No matter how simple a project might be, Karen could make it complicated. I had had a good dose of his eccentricity while serving as his apprentice in a bureau of anthropological research some years previously. He had initiated me into the absurd complexities of a decimal system for filing which made our Dewey system seem like child’s play. With Karen’s system we were able to index anything under the sun, from a pair of white wool socks to haemorrhoids.

As I say, it was some years since I last saw Karen. I had always regarded him as a freak, haying respect neither for his vaunted intelligence nor for his athletic prowess. Dull and laborious, those were his chief characteristics. Now and then, to be sure, he indulged in a hearty laugh. He laughed too heartily, I might say, and always at the wrong time or for the wrong reason.

This ability to laugh he cultivated, just as he had once cultivated his muscles. He had a mania to be all things to all men. He had the mania, but no flair.

I give this thumb-nail sketch because it happens that once again I’m working with him, working for him. Mona too. We’re all living together on the beach at Far Rockaway, in a shack which he has erected himself. To be exact, the house isn’t quite finished. Hence our presence in it. We work without compensation, content to room and board with Karen and his wife. There’s much yet to be done. Too much. Work begins from the moment I open my eyes until I drop from fatigue.

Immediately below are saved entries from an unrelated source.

lemma Mop_corners:
  assumes "0 < d"
  shows "Mop d a 0 0 = 0" "Mop d a (mask d) (mask d) = 0"
    "Mop d a (mask d) 0 = cis (real d * a)" "Mop d a 0 (mask d) = cis (- (real d * a))"
proof -
  show "Mop d a 0 0 = 0" "Mop d a (mask d) (mask d) = 0"
    using Mop_row_zero [of 0 d a] Mop_row_mask [of "mask d" d a] assms by auto
  have "Mop d a (mask d) 0 = (\<Prod>i\<in>{1..d}. cis a)"
    unfolding Mop_def by (rule prod.cong) (simp_all add: qbit_mask Oop_def cis_conv_exp)
  then show "Mop d a (mask d) 0 = cis (real d * a)"
    by (simp flip: Complex.DeMoivre)
  have "Mop d a 0 (mask d) = (\<Prod>i\<in>{1..d}. cis (- a))"
    unfolding Mop_def by (rule prod.cong) (simp_all add: qbit_mask Oop_def cis_conv_exp)
  then show "Mop d a 0 (mask d) = cis (- (real d * a))"
    by (simp add: Complex.DeMoivre)
qed

lemma Mop_square_corners:
  fixes a :: real
  assumes d: "0 < d"
  defines "M2 \<equiv> mmul (2^d) (Mop d a) (Mop d a)"
  shows "M2 0 0 = 1" "M2 (mask d) (mask d) = 1" "M2 0 (mask d) = 0" "M2 (mask d) 0 = 0"
proof -
  have "M2 0 k = Mop d a 0 (mask d) * Mop d a (mask d) k" for k
    unfolding M2_def by (rule mmul_single) (use Mop_row_zero in auto)
  moreover have "M2 (mask d) k = Mop d a (mask d) 0 * Mop d a 0 k" for k
    unfolding M2_def by (rule mmul_single) (use Mop_row_mask in auto)
  ultimately show "M2 0 0 = 1" "M2 (mask d) (mask d) = 1" "M2 0 (mask d) = 0" "M2 (mask d) 0 = 0"
    by (simp_all add: Mop_corners [OF d] cis_mult)
qed
text \<open>Around the point \<open>p i\<^sub>0\<close> of a geodesic at maximal distance \<open>D\<close> from a set \<open>Q\<close> containing
  both ends, cut out a window \<open>[p i\<^sub>a, p i\<^sub>b]\<close> of radius about \<open>2 D\<close>: the points closer to
  its ends than the nearest points of \<open>Q\<close> are at distance at least \<open>D\<close> from \<open>p i\<^sub>0\<close>.\<close>

lemma farthest_point_window:
  assumes g: "geodesic_seq V d p n x y" and i0: "i0 \<le> n" and Q: "x \<in> Q" "y \<in> Q" "Q \<subseteq> V"
    and near: "\<And>i. i \<le> n \<Longrightarrow> \<exists>w\<in>Q. d (p i) w \<le> D"
    and far: "\<And>w. w \<in> Q \<Longrightarrow> D \<le> d (p i0) w"
  obtains ia ib wa wb where "ia \<le> i0" "i0 \<le> ib" "ib \<le> n" "real ib - real ia \<le> 4 * D + 2"
    "wa \<in> Q" "wb \<in> Q" "d (p ia) wa \<le> D" "d (p ib) wb \<le> D"
    "\<And>u. u \<in> V \<Longrightarrow> d (p ia) u \<le> d (p ia) wa \<Longrightarrow> D \<le> d (p i0) u"
    "\<And>u. u \<in> V \<Longrightarrow> d u (p ib) \<le> d wb (p ib) \<Longrightarrow> D \<le> d (p i0) u"
proof -
  have pV: "\<And>i. i \<le> n \<Longrightarrow> p i \<in> V" using geodesic_seqD(3)[OF g] .
  have "0 \<le> D" using near[OF i0] Q(3) pV[OF i0] by (meson nonneg order_trans subsetD)
  define r where "r = nat \<lceil>2 * D\<rceil>"
  have r: "2 * D \<le> real r" "real r \<le> 2 * D + 1" unfolding r_def using \<open>0 \<le> D\<close> by linarith+
  obtain wa where wa: "wa \<in> Q" "d (p (i0 - r)) wa \<le> D" "D + d (p (i0 - r)) wa \<le> d (p i0) (p (i0 - r))"
    by (rule geodesic_back_anchor[OF g i0 Q(1,3) near far r(1)])
  obtain wb where wb: "wb \<in> Q" "d (p (n - (n - i0 - r))) wb \<le> D"
    "D + d (p (n - (n - i0 - r))) wb \<le> d (p (n - (n - i0))) (p (n - (n - i0 - r)))"
    by (rule geodesic_back_anchor[OF geodesic_seq_rev[OF g], of "n - i0" Q D r])
      (use near far Q r i0 in auto)
  have "n - (n - i0 - r) \<le> i0 + r" "i0 \<le> r + (i0 - r)" "i0 \<le> n - (n - i0 - r)" using i0 by arith+
  then have "real (n - (n - i0 - r)) \<le> real i0 + real r" "real i0 \<le> real r + real (i0 - r)"
    by (metis of_nat_add of_nat_le_iff)+
  then have width: "real (n - (n - i0 - r)) - real (i0 - r) \<le> 4 * D + 2" using r by linarith
  show thesis
  proof (rule that[of "i0 - r" "n - (n - i0 - r)" wa wb])
    fix u assume u: "u \<in> V" "d (p (i0 - r)) u \<le> d (p (i0 - r)) wa"
    have "i0 - r \<le> n" using i0 by simp
    then show "D \<le> d (p i0) u"
      using triangle[OF pV[OF i0] u(1) pV[of "i0 - r"]] commute[OF u(1) pV[of "i0 - r"]] wa(3) u(2)
      by linarith
  next
    fix u assume u: "u \<in> V" "d u (p (n - (n - i0 - r))) \<le> d wb (p (n - (n - i0 - r)))"
    have "wb \<in> V" using wb(1) Q(3) by blast
    then show "D \<le> d (p i0) u"
      using triangle[OF pV[OF i0] u(1) pV[of "n - (n - i0 - r)"]] wb(3) i0 u(2)
        commute[OF _ pV[of "n - (n - i0 - r)"], of wb] by simp
  qed (use \<open>i0 \<le> n - (n - i0 - r)\<close> width wa wb in auto)
qed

To go back a pace… Running into Karen on the street was something of a God-send for us. We were literally without a cent when he happened along. Stanley, you see, had told us one evening, just as he was setting forth to work, that he was fed up with us. We were to pack our things and get out immediately. He would help us pack and see us to the subway. No words. Of course I had been expecting something of the sort to happen any day. I wasn’t the least bit angry with him. On the contrary, I was rather amused.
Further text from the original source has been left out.